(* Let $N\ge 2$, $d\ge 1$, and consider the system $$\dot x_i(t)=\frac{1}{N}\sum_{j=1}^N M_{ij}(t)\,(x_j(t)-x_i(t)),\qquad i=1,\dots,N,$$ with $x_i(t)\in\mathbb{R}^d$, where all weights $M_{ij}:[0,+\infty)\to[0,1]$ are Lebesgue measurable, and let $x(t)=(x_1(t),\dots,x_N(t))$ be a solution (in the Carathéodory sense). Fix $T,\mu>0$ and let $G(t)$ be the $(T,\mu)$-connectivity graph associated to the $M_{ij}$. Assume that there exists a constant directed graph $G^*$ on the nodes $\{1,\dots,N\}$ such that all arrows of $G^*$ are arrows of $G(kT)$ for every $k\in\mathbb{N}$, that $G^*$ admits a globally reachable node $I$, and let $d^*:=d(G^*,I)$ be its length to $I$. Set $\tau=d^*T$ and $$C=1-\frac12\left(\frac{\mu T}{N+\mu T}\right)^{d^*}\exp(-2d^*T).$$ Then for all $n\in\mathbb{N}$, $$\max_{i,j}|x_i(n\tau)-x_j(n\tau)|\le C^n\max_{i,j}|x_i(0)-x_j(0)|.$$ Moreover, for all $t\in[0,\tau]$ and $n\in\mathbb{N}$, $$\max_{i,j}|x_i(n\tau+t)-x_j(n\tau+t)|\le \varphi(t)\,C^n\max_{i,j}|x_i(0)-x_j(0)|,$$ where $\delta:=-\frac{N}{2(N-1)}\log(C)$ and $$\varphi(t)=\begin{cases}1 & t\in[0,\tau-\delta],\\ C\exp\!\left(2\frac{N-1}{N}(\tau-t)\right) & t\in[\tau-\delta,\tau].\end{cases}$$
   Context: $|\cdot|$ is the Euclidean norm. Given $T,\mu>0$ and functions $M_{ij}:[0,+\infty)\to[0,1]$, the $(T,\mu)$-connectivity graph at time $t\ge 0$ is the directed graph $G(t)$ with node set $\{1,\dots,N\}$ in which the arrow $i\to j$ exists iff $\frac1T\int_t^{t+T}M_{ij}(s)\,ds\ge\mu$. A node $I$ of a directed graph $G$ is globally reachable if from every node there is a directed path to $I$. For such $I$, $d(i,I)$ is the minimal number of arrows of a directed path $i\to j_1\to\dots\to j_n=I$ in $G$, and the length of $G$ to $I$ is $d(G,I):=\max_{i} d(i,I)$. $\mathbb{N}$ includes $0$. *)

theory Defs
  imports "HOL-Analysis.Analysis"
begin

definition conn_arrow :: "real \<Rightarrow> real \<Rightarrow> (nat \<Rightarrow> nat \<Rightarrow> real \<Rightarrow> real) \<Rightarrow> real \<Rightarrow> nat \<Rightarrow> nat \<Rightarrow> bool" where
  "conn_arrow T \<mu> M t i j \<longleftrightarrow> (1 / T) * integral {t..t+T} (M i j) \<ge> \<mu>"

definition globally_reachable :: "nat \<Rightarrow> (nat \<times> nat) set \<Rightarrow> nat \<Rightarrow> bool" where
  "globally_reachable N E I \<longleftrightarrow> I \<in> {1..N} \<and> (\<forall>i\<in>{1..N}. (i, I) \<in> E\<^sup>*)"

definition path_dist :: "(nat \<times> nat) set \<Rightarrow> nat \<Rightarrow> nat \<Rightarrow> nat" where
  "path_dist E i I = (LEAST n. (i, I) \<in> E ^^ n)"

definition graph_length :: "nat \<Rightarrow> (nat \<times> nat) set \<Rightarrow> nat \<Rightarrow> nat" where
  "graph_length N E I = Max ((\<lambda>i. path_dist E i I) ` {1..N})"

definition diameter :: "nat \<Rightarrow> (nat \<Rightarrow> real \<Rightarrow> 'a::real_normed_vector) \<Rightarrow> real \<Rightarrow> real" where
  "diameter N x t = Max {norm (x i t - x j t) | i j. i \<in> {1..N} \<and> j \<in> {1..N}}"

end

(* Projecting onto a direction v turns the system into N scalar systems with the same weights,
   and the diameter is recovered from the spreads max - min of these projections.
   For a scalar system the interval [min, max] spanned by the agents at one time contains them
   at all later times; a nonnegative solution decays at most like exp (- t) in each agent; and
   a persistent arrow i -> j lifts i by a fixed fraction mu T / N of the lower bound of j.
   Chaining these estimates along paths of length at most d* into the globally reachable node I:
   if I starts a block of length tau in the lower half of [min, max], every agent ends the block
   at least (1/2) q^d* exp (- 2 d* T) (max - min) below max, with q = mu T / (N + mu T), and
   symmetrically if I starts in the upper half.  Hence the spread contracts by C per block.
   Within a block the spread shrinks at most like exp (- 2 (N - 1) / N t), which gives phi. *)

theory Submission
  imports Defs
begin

...

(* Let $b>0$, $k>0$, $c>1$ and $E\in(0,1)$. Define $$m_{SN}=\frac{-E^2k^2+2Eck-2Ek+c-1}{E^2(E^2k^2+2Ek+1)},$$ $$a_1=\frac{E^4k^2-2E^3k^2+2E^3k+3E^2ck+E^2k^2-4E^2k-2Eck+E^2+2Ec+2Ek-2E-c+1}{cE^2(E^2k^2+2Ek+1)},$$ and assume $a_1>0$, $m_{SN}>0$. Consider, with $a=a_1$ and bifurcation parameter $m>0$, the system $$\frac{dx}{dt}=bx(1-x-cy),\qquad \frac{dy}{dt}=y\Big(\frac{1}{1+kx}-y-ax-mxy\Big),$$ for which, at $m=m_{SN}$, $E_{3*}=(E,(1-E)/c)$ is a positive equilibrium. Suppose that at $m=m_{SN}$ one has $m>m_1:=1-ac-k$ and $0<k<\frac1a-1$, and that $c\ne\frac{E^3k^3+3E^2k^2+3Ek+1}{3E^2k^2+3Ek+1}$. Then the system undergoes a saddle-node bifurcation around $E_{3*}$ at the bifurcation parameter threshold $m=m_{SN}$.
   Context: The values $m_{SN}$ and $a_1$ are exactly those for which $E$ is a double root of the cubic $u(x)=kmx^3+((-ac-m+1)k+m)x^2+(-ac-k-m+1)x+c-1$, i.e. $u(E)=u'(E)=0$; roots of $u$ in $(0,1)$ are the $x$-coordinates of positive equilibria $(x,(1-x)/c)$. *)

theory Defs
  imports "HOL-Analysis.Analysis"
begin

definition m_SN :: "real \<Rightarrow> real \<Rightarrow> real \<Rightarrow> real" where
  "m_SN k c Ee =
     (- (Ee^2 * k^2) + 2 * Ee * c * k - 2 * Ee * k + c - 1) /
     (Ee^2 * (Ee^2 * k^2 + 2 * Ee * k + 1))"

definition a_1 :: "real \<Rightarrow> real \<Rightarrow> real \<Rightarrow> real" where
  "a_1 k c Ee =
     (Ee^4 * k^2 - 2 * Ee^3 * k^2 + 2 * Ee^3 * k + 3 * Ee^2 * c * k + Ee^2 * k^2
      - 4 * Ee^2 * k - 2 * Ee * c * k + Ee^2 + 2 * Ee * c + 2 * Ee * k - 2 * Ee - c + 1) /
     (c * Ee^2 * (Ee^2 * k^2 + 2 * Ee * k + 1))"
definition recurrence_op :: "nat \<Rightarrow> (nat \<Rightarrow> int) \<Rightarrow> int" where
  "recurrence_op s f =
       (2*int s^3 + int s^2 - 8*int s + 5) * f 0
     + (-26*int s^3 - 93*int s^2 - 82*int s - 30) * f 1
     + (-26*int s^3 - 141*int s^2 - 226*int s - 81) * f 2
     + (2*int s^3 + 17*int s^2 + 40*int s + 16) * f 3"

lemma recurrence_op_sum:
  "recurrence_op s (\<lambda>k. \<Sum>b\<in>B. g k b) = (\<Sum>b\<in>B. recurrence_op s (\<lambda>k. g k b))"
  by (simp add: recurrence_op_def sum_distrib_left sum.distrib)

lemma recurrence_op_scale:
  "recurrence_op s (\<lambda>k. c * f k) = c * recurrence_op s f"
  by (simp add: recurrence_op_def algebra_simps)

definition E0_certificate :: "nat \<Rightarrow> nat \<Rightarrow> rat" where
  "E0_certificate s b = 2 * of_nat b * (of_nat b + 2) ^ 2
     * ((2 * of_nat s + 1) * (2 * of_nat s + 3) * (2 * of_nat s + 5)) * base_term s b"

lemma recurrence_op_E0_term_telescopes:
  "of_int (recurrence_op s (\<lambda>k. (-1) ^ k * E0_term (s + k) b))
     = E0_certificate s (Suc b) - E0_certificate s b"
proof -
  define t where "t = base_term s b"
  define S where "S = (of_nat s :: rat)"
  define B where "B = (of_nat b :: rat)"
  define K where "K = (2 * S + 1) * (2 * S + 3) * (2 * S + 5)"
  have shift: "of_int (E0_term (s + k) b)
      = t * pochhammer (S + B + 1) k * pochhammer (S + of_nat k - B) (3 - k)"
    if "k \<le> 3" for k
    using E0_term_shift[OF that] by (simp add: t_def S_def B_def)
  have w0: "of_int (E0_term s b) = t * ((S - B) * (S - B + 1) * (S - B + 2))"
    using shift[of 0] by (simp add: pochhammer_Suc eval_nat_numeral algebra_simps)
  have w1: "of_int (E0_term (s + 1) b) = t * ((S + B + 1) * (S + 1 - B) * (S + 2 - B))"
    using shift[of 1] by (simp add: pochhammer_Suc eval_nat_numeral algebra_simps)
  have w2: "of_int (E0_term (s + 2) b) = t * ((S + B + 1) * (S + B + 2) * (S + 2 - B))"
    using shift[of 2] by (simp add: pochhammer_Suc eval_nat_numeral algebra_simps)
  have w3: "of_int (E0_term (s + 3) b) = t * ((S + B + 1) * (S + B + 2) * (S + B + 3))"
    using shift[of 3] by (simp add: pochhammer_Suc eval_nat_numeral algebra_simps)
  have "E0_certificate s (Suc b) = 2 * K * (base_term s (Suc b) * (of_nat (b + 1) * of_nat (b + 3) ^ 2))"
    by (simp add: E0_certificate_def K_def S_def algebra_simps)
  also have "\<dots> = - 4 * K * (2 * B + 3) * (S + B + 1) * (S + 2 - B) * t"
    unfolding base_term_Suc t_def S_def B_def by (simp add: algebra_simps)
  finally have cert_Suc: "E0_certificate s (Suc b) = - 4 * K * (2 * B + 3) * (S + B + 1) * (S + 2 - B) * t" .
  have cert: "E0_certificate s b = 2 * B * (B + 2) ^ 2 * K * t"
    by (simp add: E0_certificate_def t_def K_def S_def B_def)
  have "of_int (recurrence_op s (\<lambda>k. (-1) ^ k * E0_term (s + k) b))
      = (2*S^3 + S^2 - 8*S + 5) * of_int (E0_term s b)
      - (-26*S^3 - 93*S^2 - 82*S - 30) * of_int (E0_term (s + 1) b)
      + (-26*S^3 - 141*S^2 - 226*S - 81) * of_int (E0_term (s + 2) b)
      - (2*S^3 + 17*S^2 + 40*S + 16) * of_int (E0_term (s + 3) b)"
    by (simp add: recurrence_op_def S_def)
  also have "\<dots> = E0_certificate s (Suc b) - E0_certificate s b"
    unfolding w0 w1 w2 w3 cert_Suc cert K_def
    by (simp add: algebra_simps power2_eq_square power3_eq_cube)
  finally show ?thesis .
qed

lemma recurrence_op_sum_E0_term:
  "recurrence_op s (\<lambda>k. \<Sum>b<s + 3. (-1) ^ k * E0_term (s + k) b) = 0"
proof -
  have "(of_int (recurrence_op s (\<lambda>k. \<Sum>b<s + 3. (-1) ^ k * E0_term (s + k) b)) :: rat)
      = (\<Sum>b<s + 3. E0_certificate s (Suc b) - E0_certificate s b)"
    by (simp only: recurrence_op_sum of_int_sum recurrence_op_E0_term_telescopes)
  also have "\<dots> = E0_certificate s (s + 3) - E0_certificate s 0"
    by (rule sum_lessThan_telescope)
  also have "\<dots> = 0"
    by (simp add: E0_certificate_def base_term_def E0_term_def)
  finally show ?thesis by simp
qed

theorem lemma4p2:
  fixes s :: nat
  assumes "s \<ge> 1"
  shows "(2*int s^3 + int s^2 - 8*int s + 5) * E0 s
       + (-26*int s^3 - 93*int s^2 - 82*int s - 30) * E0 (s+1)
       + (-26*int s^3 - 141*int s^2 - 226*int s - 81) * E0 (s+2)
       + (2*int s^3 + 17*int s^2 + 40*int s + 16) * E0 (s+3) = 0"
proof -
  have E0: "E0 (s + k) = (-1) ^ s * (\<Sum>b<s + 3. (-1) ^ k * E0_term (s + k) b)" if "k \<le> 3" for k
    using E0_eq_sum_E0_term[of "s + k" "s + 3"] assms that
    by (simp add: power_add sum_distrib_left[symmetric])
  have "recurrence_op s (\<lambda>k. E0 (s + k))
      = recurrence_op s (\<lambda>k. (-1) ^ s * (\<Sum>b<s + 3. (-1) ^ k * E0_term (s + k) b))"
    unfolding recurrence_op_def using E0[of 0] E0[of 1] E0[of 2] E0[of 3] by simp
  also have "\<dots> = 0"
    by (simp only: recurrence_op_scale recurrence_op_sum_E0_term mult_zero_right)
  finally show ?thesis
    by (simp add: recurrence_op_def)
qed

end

...

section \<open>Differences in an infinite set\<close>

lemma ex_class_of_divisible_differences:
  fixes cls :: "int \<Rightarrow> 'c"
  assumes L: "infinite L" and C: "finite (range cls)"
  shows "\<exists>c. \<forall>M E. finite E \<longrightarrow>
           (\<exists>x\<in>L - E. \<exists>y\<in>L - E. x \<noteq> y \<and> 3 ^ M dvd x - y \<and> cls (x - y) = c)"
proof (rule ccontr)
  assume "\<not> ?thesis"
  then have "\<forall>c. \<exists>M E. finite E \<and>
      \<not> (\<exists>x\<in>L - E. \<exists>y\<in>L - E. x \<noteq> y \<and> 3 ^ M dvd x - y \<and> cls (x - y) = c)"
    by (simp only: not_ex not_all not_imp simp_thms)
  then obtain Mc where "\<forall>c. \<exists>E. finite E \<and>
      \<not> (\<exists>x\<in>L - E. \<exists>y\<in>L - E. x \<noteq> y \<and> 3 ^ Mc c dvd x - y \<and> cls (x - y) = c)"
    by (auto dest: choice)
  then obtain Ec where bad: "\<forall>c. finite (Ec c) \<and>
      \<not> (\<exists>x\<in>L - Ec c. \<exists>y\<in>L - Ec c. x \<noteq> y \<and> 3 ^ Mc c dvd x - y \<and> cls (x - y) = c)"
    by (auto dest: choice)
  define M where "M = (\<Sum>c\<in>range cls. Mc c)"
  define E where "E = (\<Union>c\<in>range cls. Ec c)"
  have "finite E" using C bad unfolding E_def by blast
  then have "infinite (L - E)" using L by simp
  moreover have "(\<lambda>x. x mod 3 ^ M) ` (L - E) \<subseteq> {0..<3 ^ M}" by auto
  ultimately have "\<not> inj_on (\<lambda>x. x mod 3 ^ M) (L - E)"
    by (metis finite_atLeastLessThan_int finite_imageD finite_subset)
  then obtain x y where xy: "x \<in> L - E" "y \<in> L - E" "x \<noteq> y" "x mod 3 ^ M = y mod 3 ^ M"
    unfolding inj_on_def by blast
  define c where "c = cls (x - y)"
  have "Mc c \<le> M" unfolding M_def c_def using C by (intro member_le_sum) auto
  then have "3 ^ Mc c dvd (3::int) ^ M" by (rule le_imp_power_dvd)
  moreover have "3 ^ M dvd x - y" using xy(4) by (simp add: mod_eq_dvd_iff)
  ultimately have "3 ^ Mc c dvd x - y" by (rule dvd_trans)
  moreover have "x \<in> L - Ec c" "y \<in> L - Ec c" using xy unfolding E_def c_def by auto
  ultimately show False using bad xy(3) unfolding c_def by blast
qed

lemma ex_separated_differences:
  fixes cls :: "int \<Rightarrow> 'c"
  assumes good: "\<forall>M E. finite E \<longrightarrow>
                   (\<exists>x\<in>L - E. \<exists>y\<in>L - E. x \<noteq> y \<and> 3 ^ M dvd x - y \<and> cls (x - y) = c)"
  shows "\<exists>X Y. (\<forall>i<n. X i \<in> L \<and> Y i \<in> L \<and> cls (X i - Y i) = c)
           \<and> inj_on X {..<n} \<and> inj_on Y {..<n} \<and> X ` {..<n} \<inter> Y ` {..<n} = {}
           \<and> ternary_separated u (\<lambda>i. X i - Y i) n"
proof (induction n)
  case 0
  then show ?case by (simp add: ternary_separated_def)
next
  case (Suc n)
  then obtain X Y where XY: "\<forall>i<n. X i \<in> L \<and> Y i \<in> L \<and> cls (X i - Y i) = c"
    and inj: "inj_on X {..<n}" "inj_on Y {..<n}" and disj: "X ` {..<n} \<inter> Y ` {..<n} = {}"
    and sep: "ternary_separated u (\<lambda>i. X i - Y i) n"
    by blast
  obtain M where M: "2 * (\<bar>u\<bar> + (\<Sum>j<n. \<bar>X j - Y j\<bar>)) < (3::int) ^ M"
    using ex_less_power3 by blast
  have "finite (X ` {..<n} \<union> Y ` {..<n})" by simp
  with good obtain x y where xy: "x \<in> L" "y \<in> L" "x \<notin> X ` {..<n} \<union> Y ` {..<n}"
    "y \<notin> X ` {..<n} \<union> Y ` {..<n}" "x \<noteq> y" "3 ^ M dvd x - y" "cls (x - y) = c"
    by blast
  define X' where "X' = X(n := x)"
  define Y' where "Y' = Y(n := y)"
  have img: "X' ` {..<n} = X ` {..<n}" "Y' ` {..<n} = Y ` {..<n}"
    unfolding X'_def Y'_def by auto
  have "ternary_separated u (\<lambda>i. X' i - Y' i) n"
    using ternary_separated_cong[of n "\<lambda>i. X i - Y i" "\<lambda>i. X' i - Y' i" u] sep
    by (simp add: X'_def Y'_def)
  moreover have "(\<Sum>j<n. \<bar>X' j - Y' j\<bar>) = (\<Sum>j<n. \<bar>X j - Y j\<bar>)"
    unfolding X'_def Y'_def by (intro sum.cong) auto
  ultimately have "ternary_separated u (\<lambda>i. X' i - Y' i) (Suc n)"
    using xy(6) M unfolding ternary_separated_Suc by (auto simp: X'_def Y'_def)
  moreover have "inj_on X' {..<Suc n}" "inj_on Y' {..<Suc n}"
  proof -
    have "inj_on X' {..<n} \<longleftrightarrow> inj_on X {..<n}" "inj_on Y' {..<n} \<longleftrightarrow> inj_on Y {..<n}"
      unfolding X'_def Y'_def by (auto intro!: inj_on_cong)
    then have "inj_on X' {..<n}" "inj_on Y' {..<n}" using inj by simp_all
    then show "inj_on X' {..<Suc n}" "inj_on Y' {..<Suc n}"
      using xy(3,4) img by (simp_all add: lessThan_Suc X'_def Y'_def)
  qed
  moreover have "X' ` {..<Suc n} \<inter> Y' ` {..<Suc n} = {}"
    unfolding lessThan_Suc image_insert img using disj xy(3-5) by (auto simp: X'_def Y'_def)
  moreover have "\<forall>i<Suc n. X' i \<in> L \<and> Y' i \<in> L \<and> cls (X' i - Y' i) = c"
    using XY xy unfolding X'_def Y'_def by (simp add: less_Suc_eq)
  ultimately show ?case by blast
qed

What the exercise asks: Retype only the stretch of lines above starting at the one with "(E0_term (s + 1) b) = t" and stopping at the one with "using shift[of 2]", exactly as written, with both kept.

Completed exercise:
  have w1: "of_int (E0_term (s + 1) b) = t * ((S + B + 1) * (S + 1 - B) * (S + 2 - B))"
    using shift[of 1] by (simp add: pochhammer_Suc eval_nat_numeral algebra_simps)
  have w2: "of_int (E0_term (s + 2) b) = t * ((S + B + 1) * (S + B + 2) * (S + 2 - B))"
    using shift[of 2] by (simp add: pochhammer_Suc eval_nat_numeral algebra_simps)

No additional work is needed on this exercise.